REITs Executive Compensation Guide

PRACTICE POINT: The new pay-for-performance disclosure is expected to require a fair amount of additional preparation, especially for the 2023 proxy season. Key items that need to be addressed to prepare include: ■ Calculate “compensation actually paid” which may require new fair value estimates with third-party appraisers. ■ Determine the appropriate peer group to use for TSR – most REITS are expected to use a published industry index from the 10-K for simplicity purposes. ■ Carefully consider the most appropriate “Company-Selected Measure” for the table – must REITs expect to use a per share earnings metric like FFO, AFFO, Core FFO, etc.

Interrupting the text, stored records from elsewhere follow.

(* Let $(X,\mathcal{M})$ be a measurable space, $\Sigma$ a compact Hausdorff group with Haar probability measure $\mu_\Sigma$, and $T:\Sigma\times X\to X$ a measurable group action. Let $n\in\mathbb{Z}^+$, $V\subset\mathcal{M}_b(X)^n$ a linear subspace equipped with the $M(X)$-topology, and $\Gamma\subset V$. If $\Gamma$ is convex and closed, $S_\Sigma[V]\subset V$, and $\Gamma$ is closed under $\Sigma$ (i.e. $\gamma\circ T_\sigma\in\Gamma$ for all $\gamma\in\Gamma$, $\sigma\in\Sigma$), then $S_\Sigma[\Gamma]\subset\Gamma$.
   Context: $S_\Sigma[\gamma](x)=\int_\Sigma\gamma(T_\sigma(x))\mu_\Sigma(d\sigma)$, applied componentwise. $M(X)$-topology: with $M(X)$ the finite signed measures on $X$, for $\nu\in M(X)^n$ let $\tau_\nu(\gamma)=\sum_{i=1}^n\int\gamma^i d\nu_i$; $V$ carries the weakest topology making all $\tau_\nu$ continuous (a locally convex topology with dual $\{\tau_\nu\}$). *)

theory Defs
  imports "HOL-Probability.Probability"
begin

definition compact_hausdorff_group ::
  "'g topology \<Rightarrow> ('g \<Rightarrow> 'g \<Rightarrow> 'g) \<Rightarrow> 'g \<Rightarrow> ('g \<Rightarrow> 'g) \<Rightarrow> bool" where
  "compact_hausdorff_group tp mul e inver \<longleftrightarrow>
     (let S = topspace tp in
       (\<forall>x\<in>S. \<forall>y\<in>S. mul x y \<in> S) \<and> e \<in> S \<and> (\<forall>x\<in>S. inver x \<in> S) \<and>
       (\<forall>x\<in>S. \<forall>y\<in>S. \<forall>z\<in>S. mul (mul x y) z = mul x (mul y z)) \<and>
       (\<forall>x\<in>S. mul e x = x \<and> mul x e = x \<and> mul (inver x) x = e \<and> mul x (inver x) = e) \<and>
       continuous_map (prod_topology tp tp) tp (\<lambda>(x, y). mul x y) \<and>
       continuous_map tp tp inver \<and>
       compact_space tp \<and> Hausdorff_space tp)"

definition haar_probability ::
  "'g topology \<Rightarrow> ('g \<Rightarrow> 'g \<Rightarrow> 'g) \<Rightarrow> 'g measure \<Rightarrow> bool" where
  "haar_probability tp mul \<mu> \<longleftrightarrow>
     prob_space \<mu> \<and> space \<mu> = topspace tp \<and>
     sets \<mu> = sigma_sets (topspace tp) {U. openin tp U} \<and>
     (\<forall>g\<in>topspace tp. \<forall>A\<in>sets \<mu>. emeasure \<mu> (mul g ` A) = emeasure \<mu> A) \<and>
     (\<forall>A\<in>sets \<mu>. emeasure \<mu> A = (INF U\<in>{U. openin tp U \<and> A \<subseteq> U}. emeasure \<mu> U)) \<and>
     (\<forall>U. openin tp U \<longrightarrow>
        emeasure \<mu> U = (SUP K\<in>{K. compactin tp K \<and> K \<subseteq> U}. emeasure \<mu> K))"

definition measurable_group_action ::
  "'g topology \<Rightarrow> ('g \<Rightarrow> 'g \<Rightarrow> 'g) \<Rightarrow> 'g \<Rightarrow> 'g measure \<Rightarrow> 'a measure \<Rightarrow> ('g \<Rightarrow> 'a \<Rightarrow> 'a) \<Rightarrow> bool" where
  "measurable_group_action tp mul e \<mu> M T \<longleftrightarrow>
     (\<lambda>(\<sigma>, x). T \<sigma> x) \<in> measurable (\<mu> \<Otimes>\<^sub>M M) M \<and>
     (\<forall>x\<in>space M. T e x = x) \<and>
     (\<forall>g\<in>topspace tp. \<forall>h\<in>topspace tp. \<forall>x\<in>space M. T (mul g h) x = T g (T h x))"

definition Mb :: "'a measure \<Rightarrow> ('a \<Rightarrow> real ^ 'n) set" where
  "Mb M = {\<gamma>. \<gamma> \<in> borel_measurable M \<and> bounded (\<gamma> ` space M) \<and> (\<forall>x. x \<notin> space M \<longrightarrow> \<gamma> x = 0)}"

definition lin_subspace :: "('a \<Rightarrow> real ^ 'n) set \<Rightarrow> bool" where
  "lin_subspace V \<longleftrightarrow> (\<lambda>x. 0) \<in> V \<and>
     (\<forall>\<gamma>\<in>V. \<forall>\<delta>\<in>V. (\<lambda>x. \<gamma> x + \<delta> x) \<in> V) \<and>
     (\<forall>\<gamma>\<in>V. \<forall>c::real. (\<lambda>x. c *\<^sub>R \<gamma> x) \<in> V)"

definition convex_fun_set :: "('a \<Rightarrow> real ^ 'n) set \<Rightarrow> bool" where
  "convex_fun_set \<Gamma> \<longleftrightarrow> (\<forall>\<gamma>\<in>\<Gamma>. \<forall>\<delta>\<in>\<Gamma>. \<forall>t::real. 0 \<le> t \<and> t \<le> 1 \<longrightarrow>
     (\<lambda>x. t *\<^sub>R \<gamma> x + (1 - t) *\<^sub>R \<delta> x) \<in> \<Gamma>)"

text \<open>A finite signed measure on M, represented by its Jordan decomposition as a
  pair (\<nu>+, \<nu>-) of finite measures on M.\<close>
definition finite_signed :: "'a measure \<Rightarrow> 'a measure \<times> 'a measure \<Rightarrow> bool" where
  "finite_signed M \<nu> \<longleftrightarrow> finite_measure (fst \<nu>) \<and> finite_measure (snd \<nu>) \<and>
     sets (fst \<nu>) = sets M \<and> sets (snd \<nu>) = sets M"

definition tau :: "('n::finite \<Rightarrow> 'a measure \<times> 'a measure) \<Rightarrow> ('a \<Rightarrow> real ^ 'n) \<Rightarrow> real" where
  "tau \<nu> \<gamma> = (\<Sum>i\<in>UNIV. (\<integral>x. \<gamma> x $ i \<partial>fst (\<nu> i)) - (\<integral>x. \<gamma> x $ i \<partial>snd (\<nu> i)))"

definition MX_topology :: "'a measure \<Rightarrow> ('a \<Rightarrow> real ^ 'n::finite) set \<Rightarrow> ('a \<Rightarrow> real ^ 'n) topology" where
  "MX_topology M V = topology_generated_by
     {{\<gamma>\<in>V. tau \<nu> \<gamma> \<in> U} | \<nu> U. (\<forall>i. finite_signed M (\<nu> i)) \<and> open U}"

definition S_op :: "'g measure \<Rightarrow> 'a measure \<Rightarrow> ('g \<Rightarrow> 'a \<Rightarrow> 'a) \<Rightarrow> ('a \<Rightarrow> real ^ 'n) \<Rightarrow> 'a \<Rightarrow> real ^ 'n" where
  "S_op \<mu> M T \<gamma> = (\<lambda>x. if x \<in> space M then (\<integral>\<sigma>. \<gamma> (T \<sigma> x) \<partial>\<mu>) else 0)"

definition compose_action :: "'a measure \<Rightarrow> ('g \<Rightarrow> 'a \<Rightarrow> 'a) \<Rightarrow> 'g \<Rightarrow> ('a \<Rightarrow> real ^ 'n) \<Rightarrow> 'a \<Rightarrow> real ^ 'n" where
  "compose_action M T \<sigma> \<gamma> = (\<lambda>x. if x \<in> space M then \<gamma> (T \<sigma> x) else 0)"

end

theory Submission
  imports Defs
begin

text \<open>Suppose \<open>S\<^sub>\<Sigma>[\<gamma>] \<notin> \<Gamma>\<close>. Closedness in the \<open>M(X)\<close>-topology gives finitely many functionals
  \<open>\<tau>\<^sub>\<nu>\<close> and \<open>\<epsilon> > 0\<close> such that no element of \<open>\<Gamma>\<close> is \<open>\<epsilon>\<close>-close to \<open>S\<^sub>\<Sigma>[\<gamma>]\<close> under all of them.
  By Fubini, \<open>\<tau>\<^sub>\<nu>(S\<^sub>\<Sigma>[\<gamma>])\<close> is the average over \<open>\<sigma>\<close> of the bounded measurable functions
  \<open>\<sigma> \<mapsto> \<tau>\<^sub>\<nu>(\<gamma> \<circ> T\<^sub>\<sigma>)\<close>. Partitioning \<open>\<Sigma>\<close> into the finitely many measurable sets on which
  all these functions vary by less than \<open>\<epsilon>/2\<close> and choosing one point \<open>\<sigma>\<close> in each, the
  corresponding convex combination of the translates \<open>\<gamma> \<circ> T\<^sub>\<sigma> \<in> \<Gamma>\<close> lies in \<open>\<Gamma>\<close> and is
  \<open>\<epsilon>\<close>-close to \<open>S\<^sub>\<Sigma>[\<gamma>]\<close>, a contradiction.\<close>

section \<open>Weak topologies induced by real functionals\<close>

definition weak_topology_on :: "'a set \<Rightarrow> ('i \<Rightarrow> 'a \<Rightarrow> real) \<Rightarrow> 'i set \<Rightarrow> 'a topology" where
  "weak_topology_on V \<tau> I = topology_generated_by {{x\<in>V. \<tau> i x \<in> U} | i U. i \<in> I \<and> open U}"

definition weak_ball :: "'a set \<Rightarrow> ('i \<Rightarrow> 'a \<Rightarrow> real) \<Rightarrow> 'i set \<Rightarrow> 'a \<Rightarrow> real \<Rightarrow> 'a set" where
  "weak_ball V \<tau> F x \<epsilon> = {y\<in>V. \<forall>i\<in>F. \<bar>\<tau> i y - \<tau> i x\<bar> < \<epsilon>}"

lemma topspace_weak_topology_on:
  assumes "I \<noteq> {}"
  shows "topspace (weak_topology_on V \<tau> I) = V"
proof -
  obtain i where "i \<in> I" using assms by blast
  then have "{x\<in>V. \<tau> i x \<in> UNIV} \<in> {{x\<in>V. \<tau> i x \<in> U} | i U. i \<in> I \<and> open U}" by blast
  then show ?thesis unfolding weak_topology_on_def by auto
qed

definition weak_nhd :: "'a set \<Rightarrow> ('i \<Rightarrow> 'a \<Rightarrow> real) \<Rightarrow> 'i set \<Rightarrow> 'a \<Rightarrow> 'a set \<Rightarrow> bool" where
  "weak_nhd V \<tau> I x W \<longleftrightarrow> (\<exists>F \<epsilon>. finite F \<and> F \<subseteq> I \<and> \<epsilon> > 0 \<and> weak_ball V \<tau> F x \<epsilon> \<subseteq> W)"

lemma weak_ball_antimono:
  "F \<subseteq> G \<Longrightarrow> \<epsilon>' \<le> \<epsilon> \<Longrightarrow> weak_ball V \<tau> G x \<epsilon>' \<subseteq> weak_ball V \<tau> F x \<epsilon>"
  unfolding weak_ball_def by fastforce

lemma weak_nhd_mono: "weak_nhd V \<tau> I x W \<Longrightarrow> W \<subseteq> W' \<Longrightarrow> weak_nhd V \<tau> I x W'"
  unfolding weak_nhd_def by (meson order_trans)

lemma weak_nhd_Int:
  assumes "weak_nhd V \<tau> I x W" "weak_nhd V \<tau> I x W'"
  shows "weak_nhd V \<tau> I x (W \<inter> W')"
proof -
  obtain F \<epsilon> F' \<epsilon>' where "finite F" "F \<subseteq> I" "\<epsilon> > 0" "weak_ball V \<tau> F x \<epsilon> \<subseteq> W"
    and "finite F'" "F' \<subseteq> I" "\<epsilon>' > 0" "weak_ball V \<tau> F' x \<epsilon>' \<subseteq> W'"
    using assms unfolding weak_nhd_def by blast
  moreover have "weak_ball V \<tau> (F \<union> F') x (min \<epsilon> \<epsilon>') \<subseteq> weak_ball V \<tau> F x \<epsilon>"
    and "weak_ball V \<tau> (F \<union> F') x (min \<epsilon> \<epsilon>') \<subseteq> weak_ball V \<tau> F' x \<epsilon>'"
    by (simp_all add: weak_ball_antimono)
  ultimately show ?thesis
    unfolding weak_nhd_def by (intro exI[of _ "F \<union> F'"] exI[of _ "min \<epsilon> \<epsilon>'"]) auto
qed

lemma weak_nhd_subbasic:
  assumes "i \<in> I" "open U" "x \<in> V" "\<tau> i x \<in> U"
  shows "weak_nhd V \<tau> I x {y\<in>V. \<tau> i y \<in> U}"
proof -
  obtain \<epsilon> where "\<epsilon> > 0" and ball: "\<And>t. dist t (\<tau> i x) < \<epsilon> \<Longrightarrow> t \<in> U"
    using \<open>open U\<close> \<open>\<tau> i x \<in> U\<close> open_dist by metis
  have "weak_ball V \<tau> {i} x \<epsilon> \<subseteq> {y\<in>V. \<tau> i y \<in> U}"
    using ball unfolding weak_ball_def dist_real_def by auto
  with \<open>i \<in> I\<close> \<open>\<epsilon> > 0\<close> show ?thesis
    unfolding weak_nhd_def by (intro exI[of _ "{i}"] exI[of _ \<epsilon>]) simp
qed

lemma openin_weak_topology_on_imp_weak_nhd:
  assumes "openin (weak_topology_on V \<tau> I) W" "x \<in> W"
  shows "weak_nhd V \<tau> I x W"
proof -
  have "generate_topology_on {{x\<in>V. \<tau> i x \<in> U} | i U. i \<in> I \<and> open U} W"
    using assms(1) unfolding weak_topology_on_def by (rule openin_topology_generated_by)
  then have "\<forall>x\<in>W. weak_nhd V \<tau> I x W"
  proof induction
    case Empty
    then show ?case by simp
  next
    case (Int a b)
    then show ?case by (simp add: weak_nhd_Int)
  next
    case (UN K)
    then show ?case by (meson UnionE Union_upper weak_nhd_mono)
  next
    case (Basis s)
    then show ?case by (auto intro: weak_nhd_subbasic)
  qed
  with assms(2) show ?thesis by blast
qed

lemma mem_closedin_weak_topology_on:
  assumes closed: "closedin (weak_topology_on V \<tau> I) \<Gamma>" and "I \<noteq> {}" "p \<in> V"
    and approx: "\<And>F \<epsilon>. finite F \<Longrightarrow> F \<subseteq> I \<Longrightarrow> \<epsilon> > 0 \<Longrightarrow> \<exists>q\<in>\<Gamma>. \<forall>i\<in>F. \<bar>\<tau> i q - \<tau> i p\<bar> < \<epsilon>"
  shows "p \<in> \<Gamma>"
proof (rule ccontr)
  assume "p \<notin> \<Gamma>"
  have top: "topspace (weak_topology_on V \<tau> I) = V"
    using \<open>I \<noteq> {}\<close> by (rule topspace_weak_topology_on)
  then have "openin (weak_topology_on V \<tau> I) (V - \<Gamma>)" using closed by (simp add: closedin_def)
  then have "weak_nhd V \<tau> I p (V - \<Gamma>)"
    using \<open>p \<in> V\<close> \<open>p \<notin> \<Gamma>\<close> by (intro openin_weak_topology_on_imp_weak_nhd) simp_all
  then obtain F \<epsilon> where F: "finite F" "F \<subseteq> I" "\<epsilon> > 0" and "weak_ball V \<tau> F p \<epsilon> \<subseteq> V - \<Gamma>"
    unfolding weak_nhd_def by blast
  moreover obtain q where "q \<in> \<Gamma>" "\<forall>i\<in>F. \<bar>\<tau> i q - \<tau> i p\<bar> < \<epsilon>" using approx[OF F] by blast
  moreover have "\<Gamma> \<subseteq> V" using closedin_subset[OF closed] top by simp
  ultimately show False unfolding weak_ball_def by blast
qed

lemma finite_signed_null_measure: "finite_signed M (null_measure M, null_measure M)"
  unfolding finite_signed_def by (simp add: finite_measureI)

lemma MX_topology_eq_weak_topology_on:
  "MX_topology M V = weak_topology_on V tau {\<nu>. \<forall>i. finite_signed M (\<nu> i)}"
  unfolding MX_topology_def weak_topology_on_def by simp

New Incentive Compensation Clawback Rules On October 26, 2022, the SEC adopted final rules that direct the national securities exchanges to establish listing standards that require each listed company to develop and implement a policy (i.e., a clawback policy) providing for the recovery, in the event of a required accounting restatement (both “big R” and “little r” restatements, as discussed below), of incentive-based compensation received by current or former executive officers where that compensation was based on the erroneously

reported financial information. In addition, the listing standards will require listed companies to (i) disclose their clawback policy, (ii) file their clawback policy as an exhibit to their annual report, and (iii) provide disclosure in their filings with the SEC if recovery of erroneously awarded incentive compensation is triggered by the clawback policy. A company that does not develop, implement and comply with a clawback policy would be subject to delisting.